Sesungguhnya masyarakat merasa tidak nyaman dengan peranan preman dalam
kegiatan politik. Buku ini memberi jawaban, mengapa politisi tidak bertindak tegas
terhadap preman-preman yang mengancam rasa nyaman-aman masyarakat? Inilah

2
keluhan masyarakat. Ternyata, preman dan kekuasaan itu atau preman dengan politisi
itu berpasangan. Tidak disadari bahwa kehadiran preman di panggung-panggung
politik mengurangi keterlibatan rakyat dalam politik. Jika hal itu ada maka pilihannya
adalah demokrasi elektoral (demokrasi yang tidak berdasarkan pada ketulusan tetapi
terjadi karena paksaan-paksaan). Yang berperan dalam pemaksaan-pemaksaan itu
adalah preman yang dimobilisasi jasanya oleh politisi.

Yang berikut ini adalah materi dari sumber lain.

lemma ell_stabiliser_linear_relations:
  fixes a b c d u :: "'a::field"
  assumes "u \<noteq> 0" "u \<noteq> 1" "u^2 - u + 1 \<noteq> 0" "a*d - b*c \<noteq> 0"
    and b_eq: "b = u*a - u*d + u^2*c"
    and "a*b*(a-b) + u^3*(c*d*(c-d)) = 0"
    and "(a+c)*(b+d)*((a-b)+(c-d)) - a*b*(a-b) - c*d*(c-d) + (3*u-3*u^2)*(c*d*(c-d)) = 0"
  shows "d - u*c \<noteq> 0"
    and "(2*u-1)*(d-u*c) + 3*u*(u-1)*c = (2*u-1)*(a+u*c)"
    and "a + u*c = d - u*c \<or> a + u*c = -(d - u*c)"
proof -
  define A where "A = a + u*c"
  define K where "K = d - u*c"
  define R where "R = K^2 + (4*u-2)*K*c + 3*u*(u-1)*c^2"
  define S where "S = (2*u-1)*K + 3*u*(u-1)*c"
  have "a*d - b*c = A*K"
    using b_eq unfolding A_def K_def by algebra
  with assms(4) have "A \<noteq> 0" "K \<noteq> 0"
    by auto
  from \<open>K \<noteq> 0\<close> show "d - u*c \<noteq> 0"
    unfolding K_def .
  have "u*A*((1-u)*A^2 + A*S - u*R) = 0"
    using assms(6) b_eq unfolding A_def K_def R_def S_def by algebra
  with assms(1) \<open>A \<noteq> 0\<close> have eq1: "(1-u)*A^2 + A*S - u*R = 0"
    by simp
  have "A*((2*u-1)*R - A*S) = 0"
    using assms(7) b_eq unfolding A_def K_def R_def S_def by algebra
  with \<open>A \<noteq> 0\<close> have eq2: "(2*u-1)*R - A*S = 0"
    by simp
  have "(1-u)*(A^2 - R) = 0"
    using eq1 eq2 by algebra
  with assms(2) have "A^2 = R"
    by simp
  with eq2 have "A*(S - (2*u-1)*A) = 0"
    by algebra
  with \<open>A \<noteq> 0\<close> have "S = (2*u-1)*A"
    by simp
  then show "(2*u-1)*(d-u*c) + 3*u*(u-1)*c = (2*u-1)*(a+u*c)"
    unfolding S_def A_def K_def .
  have "(u^2-u+1)*((A-K)*(A+K)) = 0"
    using \<open>S = (2*u-1)*A\<close> \<open>A^2 = R\<close> unfolding R_def S_def by algebra
  with assms(3) have "A = K \<or> A = -K"
    by (simp add: eq_neg_iff_add_eq_0)
  then show "a + u*c = d - u*c \<or> a + u*c = -(d - u*c)"
    unfolding A_def K_def .
qed

lemma ell_stabiliser_coeffs:
  fixes a b c d u :: "'a::field"
  assumes "(3::'a) \<noteq> 0" "u \<noteq> 0" "u \<noteq> 1" "d - u*c \<noteq> 0"
    and b_eq: "b = u*a - u*d + u^2*c"
    and S_eq: "(2*u-1)*(d-u*c) + 3*u*(u-1)*c = (2*u-1)*(a+u*c)"
    and "a + u*c = d - u*c \<or> a + u*c = -(d - u*c)"
  shows "\<exists>l. l \<noteq> 0 \<and> ((a,b,c,d) = (l,0,0,l) \<or>
           (a,b,c,d) = (l*(-(u^2+u)), l*(2*u^3-4*u^2), l*(4*u-2), l*(u^2+u)))"
proof -
  have "3*u*(u-1) \<noteq> 0"
    using assms(1-3) by simp
  from assms(7) show ?thesis
  proof (elim disjE)
    assume "a + u*c = d - u*c"
    with S_eq \<open>3*u*(u-1) \<noteq> 0\<close> have "c = 0"
      by simp
    with \<open>a + u*c = d - u*c\<close> assms(4) b_eq show ?thesis
      by auto
  next
    assume "a + u*c = -(d - u*c)"
    define l where "l = -(d - u*c)/(3*u*(u-1))"
    have "l \<noteq> 0"
      using assms(4) \<open>3*u*(u-1) \<noteq> 0\<close> unfolding l_def by simp
    moreover have K_eq: "d - u*c = -3*u*(u-1)*l"
      using \<open>3*u*(u-1) \<noteq> 0\<close> unfolding l_def by simp
    with S_eq \<open>a + u*c = -(d - u*c)\<close> have "3*u*(u-1)*c = 3*u*(u-1)*(l*(4*u-2))"
      by algebra
    with \<open>3*u*(u-1) \<noteq> 0\<close> have "c = l*(4*u-2)"
      by simp
    moreover have "d = l*(u^2+u)"
      using \<open>c = l*(4*u-2)\<close> K_eq by algebra
    moreover have "a = l*(-(u^2+u))"
      using \<open>c = l*(4*u-2)\<close> K_eq \<open>a + u*c = -(d - u*c)\<close> by algebra
    moreover have "b = l*(2*u^3-4*u^2)"
      using \<open>c = l*(4*u-2)\<close> \<open>d = l*(u^2+u)\<close> \<open>a = l*(-(u^2+u))\<close> b_eq by algebra
    ultimately show ?thesis
      by blast
  qed
qed

lemma proj_nu_stabilising_ell:
  fixes a b c d u :: "'a::field"
  assumes "(3::'a) \<noteq> 0" "u \<noteq> 0" "u \<noteq> 1" "u^2 - u + 1 \<noteq> 0" "a*d - b*c \<noteq> 0"
    and stab: "proj (nu a b c d) ` ell u = ell u"
  shows "proj (nu a b c d) = proj (nu 1 0 0 1) \<or> proj (nu a b c d) = proj (ell_involution u)"
proof -
  have image_eqs: "ell_eqs u (vecmat v (nu a b c d))"
    if "length v = 4" "v \<noteq> replicate 4 0" "ell_eqs u v" for v
  proof -
    have "proj (nu a b c d) (pt v) \<in> ell u"
      using that stab by (auto simp: pt_in_ell_iff)
    then show ?thesis
      using that by (simp add: proj_pt ell_eqs_if_pt_in_ell)
  qed
  have "ell_eqs u (vecmat [1,0,0,u^3] (nu a b c d))"
    by (rule image_eqs) (simp_all add: numeral_eq_Suc ell_eqs_4)
  then have e: "(b-u*a)^3 + u^3*(d-u*c)^3 = 0" "a*b*(a-b) + u^3*(c*d*(c-d)) = 0"
    unfolding ell_eqs_image_e by auto
  have "ell_eqs u (vecmat [0,1,1,3*u-3*u^2] (nu a b c d))"
    by (rule image_eqs) (simp_all add: numeral_eq_Suc ell_eqs_4 algebra_simps)
  then have f:
    "3*(b-u*a)^2*(d-u*c) + 3*(b-u*a)*(d-u*c)^2 + (3*u-3*u^2)*(d-u*c)^3 = 0"
    "(a+c)*(b+d)*((a-b)+(c-d)) - a*b*(a-b) - c*d*(c-d) + (3*u-3*u^2)*(c*d*(c-d)) = 0"
    unfolding ell_eqs_image_f by auto
  have b_eq: "b = u*a - u*d + u^2*c"
    using ell_stabiliser_b_eq[OF assms(1,4,5) e(1) f(1)] .
  note relations = ell_stabiliser_linear_relations[OF assms(2-5) b_eq e(2) f(2)]
  obtain l where "l \<noteq> 0" and
    "(a,b,c,d) = (l,0,0,l) \<or>
     (a,b,c,d) = (l*(-(u^2+u)), l*(2*u^3-4*u^2), l*(4*u-2), l*(u^2+u))"
    using ell_stabiliser_coeffs[OF assms(1-3) relations(1) b_eq relations(2,3)] by blast
  then show ?thesis
    using proj_nu_smult[OF \<open>l \<noteq> 0\<close>, of 1 0 0 1]
      proj_nu_smult[OF \<open>l \<noteq> 0\<close>, of "-(u^2+u)" "2*u^3-4*u^2" "4*u-2" "u^2+u"]
    unfolding ell_involution_def by auto
qed

lemma stabiliser_G_ell:
  fixes u :: "'a::field"
  assumes "(3::'a) \<noteq> 0" "u \<noteq> 0" "u \<noteq> 1" "u^2 - u + 1 \<noteq> 0"
  shows "stabiliser G (ell u) = {proj (nu 1 0 0 1), proj (ell_involution u)}"
proof (intro equalityI subsetI)
  fix g
  assume "g \<in> stabiliser G (ell u)"
  then show "g \<in> {proj (nu 1 0 0 1), proj (ell_involution u)}"
    using proj_nu_stabilising_ell[OF assms] unfolding stabiliser_def G_def by blast
next
  have "proj (nu 1 0 0 1) \<in> G"
    unfolding G_def by (intro CollectI exI[of _ 1] exI[of _ 0]) simp
  moreover have "proj (nu 1 0 0 1) ` ell u = ell u"
  proof -
    have "proj (nu 1 0 0 1) P = P" if "P \<in> ell u" for P
      using that by (simp add: proj_nu_scalar subsetD[OF ell_subset_PG3])
    then show ?thesis
      by simp
  qed
  moreover have "proj (ell_involution u) \<in> G"
    using ell_involution_det[OF assms(1-3)] unfolding G_def ell_involution_def by blast
  ultimately show "g \<in> stabiliser G (ell u)"
    if "g \<in> {proj (nu 1 0 0 1), proj (ell_involution u)}" for g
    using that proj_ell_involution_image[OF assms(1-3)] unfolding stabiliser_def by auto
qed

lemma proj_ell_involution_ne_identity:
  fixes u :: "'a::field"
  assumes "(2::'a) \<noteq> 0" "(3::'a) \<noteq> 0"
  shows "proj (ell_involution u) \<noteq> proj (nu 1 0 0 1)"
proof
  assume "proj (ell_involution u) = proj (nu 1 0 0 1)"
  then have "2*u^3 - 4*u^2 = 0" "4*u - 2 = 0"
    unfolding ell_involution_def by (auto dest: offdiag_zero_if_proj_nu_eq_identity)
  then have "2*(2*u - 1) = 0" "2*(u^2*(u-2)) = 0"
    by algebra+
  with assms(1) have "2*u - 1 = 0" "u = 0 \<or> u - 2 = 0"
    by (simp_all only: mult_eq_0_iff power_eq_0_iff zero_less_numeral simp_thms)
  then have "u - 2 = 0"
    by auto
  then have "(3::'a) = 2*u - 1"
    by algebra
  with \<open>2*u - 1 = 0\<close> assms(2) show False
    by simp
qed

lemma nonsquare_discriminant_facts:
  fixes u :: "'a::field"
  assumes "\<not> (\<exists>x. x^2 = u^2 - u + 1)"
  shows "u \<noteq> 0" "u \<noteq> 1" "u^2 - u + 1 \<noteq> 0"
proof -
  have "1^2 \<noteq> u^2 - u + 1" "0^2 \<noteq> u^2 - u + 1"
    using assms by blast+
  then show "u \<noteq> 0" "u \<noteq> 1" "u^2 - u + 1 \<noteq> 0"
    by auto
qed

theorem mainTheorem7:
  fixes u :: "'a::{field, finite}"
  assumes "(2::'a) \<noteq> 0" and "(3::'a) \<noteq> 0"
    and "\<not> (\<exists>x::'a. x^2 = u^2 - u + 1)"
  shows "card (stabiliser (G :: ('a list set \<Rightarrow> 'a list set) set) (ell u)) = 2"
proof -
  have "stabiliser G (ell u) = {proj (nu 1 0 0 1), proj (ell_involution u)}"
    using stabiliser_G_ell assms(2) nonsquare_discriminant_facts[OF assms(3)] by blast
  moreover have "proj (ell_involution u) \<noteq> proj (nu 1 0 0 1)"
    using proj_ell_involution_ne_identity assms(1,2) by blast
  ultimately show ?thesis
    by simp
qed

end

Buku ini juga memberi kita satu pandangan bagaimana caranya melihat aktivitas
politik. Politik bukan milik rakyat. Politik milik sedikit orang kaya yang memiliki ambisi
berkuasa. Politik adalah panggung ekspresi atau panggung citra. Politik tidak jauh
berbeda dengan gaya hidup atau life style. Sayang sekali dalam kenyataan ini, rakyat
dilibatkan. Rakyat sebenarnya tidak tahu-menahu lebih-lebih rakyat yang apatis atau
rakyat yang diformat secara komunal-adat; rakyat yang tidak individual tetapi rakyat
dalam gerakan bersama atau individu-individu yang ditransformasi dalam
”kebersamaan”.
Di atas semua itu, buku ini tidak beranjak dari persoalan klasik Bali. Bali yang
dilukiskan sebagai cagar budaya dan telah masuk ke kancah dilematika nasional dan
internasional; identitas-identitas lama (kasta, seni, bahasa, agama, adat) yang semakin
tidak terjangkau atau tergantikan oleh identitas-identitas baru yang tidak bisa ditolak.
Yang patut dipertanyakan (dan itu juga tidak ditemukan dalam buku ini) adalah
benarkan orang Bali merasa terancam? Apakah rasa terancam itu tidak suatu konstruksi
belaka yang kelak akan mengisolasi orang Bali (seperti ilustrasi hal. 99)? Ada kesan,
buku ini menegaskan bahwa isolasi Bali (penolakan pendatang, menjadikan Bali sebagai
tanah Hindu: bersih dari agama dan etnik lain-kecuali wisatwan, orang Bali harus
mengambil segala kerja) adalah sama dengan ajeg Bali.